Australia crumble in heat

ABU DHABI: Mitchell Marsh reaffirmed his standing as the heir apparent to Shane Watson but Australia’s vulnerability against spin bowling in foreign conditions was again cruelly exploited on Saturday.

Marsh accepts Watson is a walk-up start in the Test side when fully fit but “If you score enough runs they have to pick you”, he said of his chances of remaining in the side for the first Test against India in Brisbane next month.

Watson’s future appears to be at No.6 though Marsh’s promising start to his Test career combined with the moderate form of Alex Doolan at first drop has left the door ajar on both all-rounders featuring in the side.

Watson and Marsh have both been named in Australia’s squad for the first two one-day internationals against South Africa.

Marsh had a maiden Test century within reach but succumbed to the dual curse of 87 and 66.6 overs.

He was the bright light on another bleak day for the Australians in the Middle East.

Australia were dealt another blow with Brad Haddin not taking to the field in the second innings with his shoulder injury though he was able to bat, making 10. His arm was in a sling on Saturday.

Australia’s capitulation for 261 was the 10th time from their past 11 innings in Asia where they have failed to score 400.

Highlighting their woes this series, Australia’s batsmen have made just one century compared to Pakistan’s seven.

Marsh was the only player to pass 50 and clearly the most comfortable of the Australians.

The second-gamer said getting through the first 40 balls of his innings was what allowed him to succeed. Embarrassingly, only four players achieved that feat and two were tailenders – Nathan Lyon and Peter Siddle.

“I just went out there and tried to play my natural game, obviously it was a little bit tough losing a few wickets around me, but I just tried to put it out of my head and bat the way I do and it was good fun to get a few runs but we are behind the eight ball in this match,” Marsh said.

“There’s no doubt that we didn’t make enough runs as a batting group this innings. The wicket is pretty flat, their spinners bowled really well, they got the ball reverse swinging and it was a good all round effort from their bowling attack.”

Marsh entered this match with a first-class average of 28 but if his effort on Saturday was any guide it will not stay that low for long.

“I think over the last 12 months I have matured as a batsman and I have worked out what works for me and all cricketers growing up go through that period,” Marsh said.

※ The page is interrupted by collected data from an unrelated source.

definition op_tendsto :: "('x \<Rightarrow> 'i op) \<Rightarrow> 'i op \<Rightarrow> 'x filter \<Rightarrow> bool" where
  "op_tendsto F M G \<longleftrightarrow> (\<forall>x y. ((\<lambda>u. F u x y) \<longlongrightarrow> M x y) G)"

lemma op_tendsto_const: "op_tendsto (\<lambda>_. M) M G"
  unfolding op_tendsto_def by simp

lemma op_tendsto_mmul:
  "op_tendsto F M G \<Longrightarrow> op_tendsto H N G \<Longrightarrow> op_tendsto (\<lambda>u. mmul (F u) (H u)) (mmul M N) G"
  unfolding op_tendsto_def mmul_def by (auto intro!: tendsto_sum tendsto_mult)

lemma op_tendsto_op12: "op_tendsto F M G \<Longrightarrow> op_tendsto (\<lambda>u. op12 (F u)) (op12 M) G"
  unfolding op_tendsto_def op12_def by (auto intro!: tendsto_mult)

lemma op_tendsto_op13: "op_tendsto F M G \<Longrightarrow> op_tendsto (\<lambda>u. op13 (F u)) (op13 M) G"
  unfolding op_tendsto_def op13_def by (auto intro!: tendsto_mult)

lemma op_tendsto_op23: "op_tendsto F M G \<Longrightarrow> op_tendsto (\<lambda>u. op23 (F u)) (op23 M) G"
  unfolding op_tendsto_def op23_def by (auto intro!: tendsto_mult)

lemma op_tendsto_flip: "op_tendsto F M G \<Longrightarrow> op_tendsto (\<lambda>u. flip (F u)) (flip M) G"
  unfolding op_tendsto_def flip_def by auto

lemma op_tendsto_shift:
  fixes F :: "'a::real_normed_vector \<Rightarrow> 'i op"
  assumes "op_tendsto F M at_infinity"
  shows "op_tendsto (\<lambda>u. F (u + c)) M at_infinity" and "op_tendsto (\<lambda>u. F (u - c)) M at_infinity"
proof -
  have shift: "filterlim (\<lambda>u. u + c) at_infinity at_infinity" for c :: 'a
    using tendsto_add_filterlim_at_infinity'[OF filterlim_ident tendsto_const] .
  have plus: "op_tendsto (\<lambda>u. F (u + d)) M at_infinity" for d
    using assms filterlim_compose[OF _ shift] unfolding op_tendsto_def by blast
  show "op_tendsto (\<lambda>u. F (u + c)) M at_infinity"
    by (rule plus)
  from plus[of "- c"] show "op_tendsto (\<lambda>u. F (u - c)) M at_infinity"
    by simp
qed

lemma op_tendsto_unique:
  assumes "G \<noteq> bot" and "op_tendsto F M G" and "op_tendsto H N G"
    and "\<forall>\<^sub>F u in G. F u = H u"
  shows "M = N"
proof (intro ext)
  fix x y
  have "\<forall>\<^sub>F u in G. F u x y = H u x y"
    using assms(4) by (rule eventually_mono) simp
  moreover have "((\<lambda>u. F u x y) \<longlongrightarrow> M x y) G"
    using assms(2) unfolding op_tendsto_def by blast
  ultimately have "((\<lambda>u. H u x y) \<longlongrightarrow> M x y) G"
    by (rule tendsto_cong[THEN iffD1])
  then show "M x y = N x y"
    using assms(1,3) tendsto_unique unfolding op_tendsto_def by blast
qed
lemma ultra_chain_nonzero: "ultra_chain c k \<in> A \<and> ultra_chain c k \<noteq> zeroA"
proof (induction k)
  case 0
  then show ?case using c by (simp add: ultra_chain_0)
next
  case (Suc k)
  let ?d = "ultra_chain c k" and ?b = "from_nat_into A k"
  have b: "?b \<in> A" using carrier_nonempty by (rule from_nat_into)
  have "meet ?d (compl ?b) \<noteq> zeroA" if "meet ?d ?b = zeroA"
    using le_of_meet_compl_eq_zero[of ?d ?b] Suc.IH b that by (auto simp: ba_le_def)
  then show ?case
    using Suc.IH b by (simp add: ultra_chain_Suc meet_closed compl_closed)
qed

lemma ultra_chain_closed: "ultra_chain c k \<in> A"
  using ultra_chain_nonzero by blast

lemma ultra_chain_decides:
  "ba_le meet (ultra_chain c (Suc k)) (from_nat_into A k) \<or>
   ba_le meet (ultra_chain c (Suc k)) (compl (from_nat_into A k))"
  using carrier_nonempty ultra_chain_closed
  by (simp add: ultra_chain_Suc meet_le_right from_nat_into compl_closed)

lemma ultra_chain_antimono: "m \<le> k \<Longrightarrow> ba_le meet (ultra_chain c k) (ultra_chain c m)"
proof (induction k rule: dec_induct)
  case base
  then show ?case using ba_le_refl ultra_chain_closed by blast
next
  case (step k)
  have "ba_le meet (ultra_chain c (Suc k)) (ultra_chain c k)"
    using carrier_nonempty ultra_chain_closed
    by (simp add: ultra_chain_Suc meet_le_left from_nat_into compl_closed)
  then show ?case using step.IH ba_le_trans ultra_chain_closed by blast
qed

end

lemma countable_two_valued_hom_exists:
  assumes "countable A" "c \<in> A" "c \<noteq> zeroA"
  shows "\<exists>f. two_valued_hom f \<and> f c"
proof -
  note chain = ultra_chain_closed[OF assms(2,3)] ultra_chain_nonzero[OF assms(2,3)]
  define f where "f x \<longleftrightarrow> (\<exists>k. ba_le meet (ultra_chain c k) x)" for x
  have up: "f y" if "f x" "x \<in> A" "y \<in> A" "ba_le meet x y" for x y
    using that ba_le_trans chain(1) unfolding f_def by blast
  have meet: "f (meet x y) \<longleftrightarrow> f x \<and> f y" if xy: "x \<in> A" "y \<in> A" for x y
  proof
    assume "f (meet x y)"
    then show "f x \<and> f y" using up xy meet_closed meet_le_left meet_le_right by blast
  next
    assume "f x \<and> f y"
    then obtain k l where "ba_le meet (ultra_chain c k) x" "ba_le meet (ultra_chain c l) y"
      unfolding f_def by blast
    moreover have "ba_le meet (ultra_chain c (max k l)) (ultra_chain c k)"
      and "ba_le meet (ultra_chain c (max k l)) (ultra_chain c l)"
      by (simp_all add: ultra_chain_antimono assms(2,3))
    ultimately show "f (meet x y)"
      unfolding f_def using ba_le_trans le_meetI chain(1) xy by metis
  qed
  have compl: "f (compl x) \<longleftrightarrow> \<not> f x" if x: "x \<in> A" for x
  proof -
    obtain k where "from_nat_into A k = x" using from_nat_into_surj[OF assms(1) x] by blast
    then have "f x \<or> f (compl x)"
      using ultra_chain_decides[OF assms(2,3), of k] unfolding f_def by blast
    moreover have "\<not> f zeroA"
      using chain meet_zero unfolding f_def ba_le_def by metis
    ultimately show ?thesis
      using meet[OF x compl_closed[OF x]] meet_compl_eq_zero[OF x] by auto
  qed
  have "f c" using ba_le_refl assms(2) ultra_chain_0 unfolding f_def by metis
  then show ?thesis using meet compl unfolding two_valued_hom_def by blast
qed
lemma sum_triples_le_mult:
  fixes f :: "'a \<Rightarrow> real" and g :: "'b \<Rightarrow> real" and h :: "'c \<Rightarrow> real"
  assumes "\<And>x. f x \<ge> 0" "\<And>y. g y \<ge> 0" "\<And>z. h z \<ge> 0"
    and "\<And>F. finite F \<Longrightarrow> sum f F \<le> Z1" "\<And>F. finite F \<Longrightarrow> sum g F \<le> Z2"
    and "\<And>F. finite F \<Longrightarrow> sum h F \<le> Z3"
    and "finite P"
  shows "(\<Sum>(x, y, z)\<in>P. f x * g y * h z) \<le> Z1 * Z2 * Z3"
proof -
  have "(\<Sum>(x, y, z)\<in>P. f x * g y * h z) = (\<Sum>(x, yz)\<in>P. f x * (\<lambda>(y, z). g y * h z) yz)"
    by (simp add: case_prod_beta mult.assoc)
  also have "\<dots> \<le> Z1 * (Z2 * Z3)"
    using assms by (intro sum_pairs_le_mult) (auto intro: sum_pairs_le_mult)
  finally show ?thesis by (simp add: mult.assoc)
qed

section \<open>Divisor sums\<close>

definition pair_factorizations :: "nat \<Rightarrow> (nat \<times> nat) set" where
  "pair_factorizations n = {(d, e). d * e = n}"

definition triple_factorizations :: "nat \<Rightarrow> (nat \<times> nat \<times> nat) set" where
  "triple_factorizations n = {(n1, n2, n3). n1 * n2 * n3 = n}"

lemma finite_pair_factorizations: "n > 0 \<Longrightarrow> finite (pair_factorizations n)"
  by (rule finite_subset[of _ "{..n} \<times> {..n}"])
     (auto simp: pair_factorizations_def intro: dvd_imp_le)

lemma finite_triple_factorizations: "n > 0 \<Longrightarrow> finite (triple_factorizations n)"
  by (rule finite_subset[of _ "{..n} \<times> {..n} \<times> {..n}"])
     (auto simp: triple_factorizations_def mult.assoc intro: dvd_imp_le)

lemma divisor_count_eq_card_pair_factorizations:
  assumes "n > 0"
  shows "divisor_count n = card (pair_factorizations n)"
proof -
  have "bij_betw fst (pair_factorizations n) {d. d dvd n \<and> d > 0}"
    by (rule bij_betw_byWitness[where f' = "\<lambda>d. (d, n div d)"])
       (use assms in \<open>auto simp: pair_factorizations_def\<close>)
  then show ?thesis
    by (simp add: divisor_count_def bij_betw_same_card)
qed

“Just learning how I want to play, I probably got a little bit caught up when I came into the first-class scene of trying to play too cute and look like a real batsman, rather than just going out there, backing my own ability and taking the game on.

“Because that is when I play my best cricket and that is when most players play their best cricket and that’s been the best thing for me and hopefully that will continue.”

Marsh said he wanted to be aggressive against Pakistan, though the strategy did not serve many of his teammates well.

“Everyone has individual game plans  but the way we are taught to play cricket is to take the game on so that was certainly what was going through my head,” Marsh said.

Marsh said he was nervous on debut but felt more relaxed in Abu Dhabi.

“I didn’t have 25 of the Marsh clan in the stands watching me so that made me feel a bit better,” Marsh said.

Pakistan chose not to enforce the follow on but are in a near impregnable position with two days remaining. The Australians have all but conceded they will not win this match and level the series.

“We’ve got a huge challenge ahead of us. Whatever total they set us will be a huge one and we’ll fight as hard as we can to hang on to this Test match,” Marsh said.

“If we get some early wickets you never know.”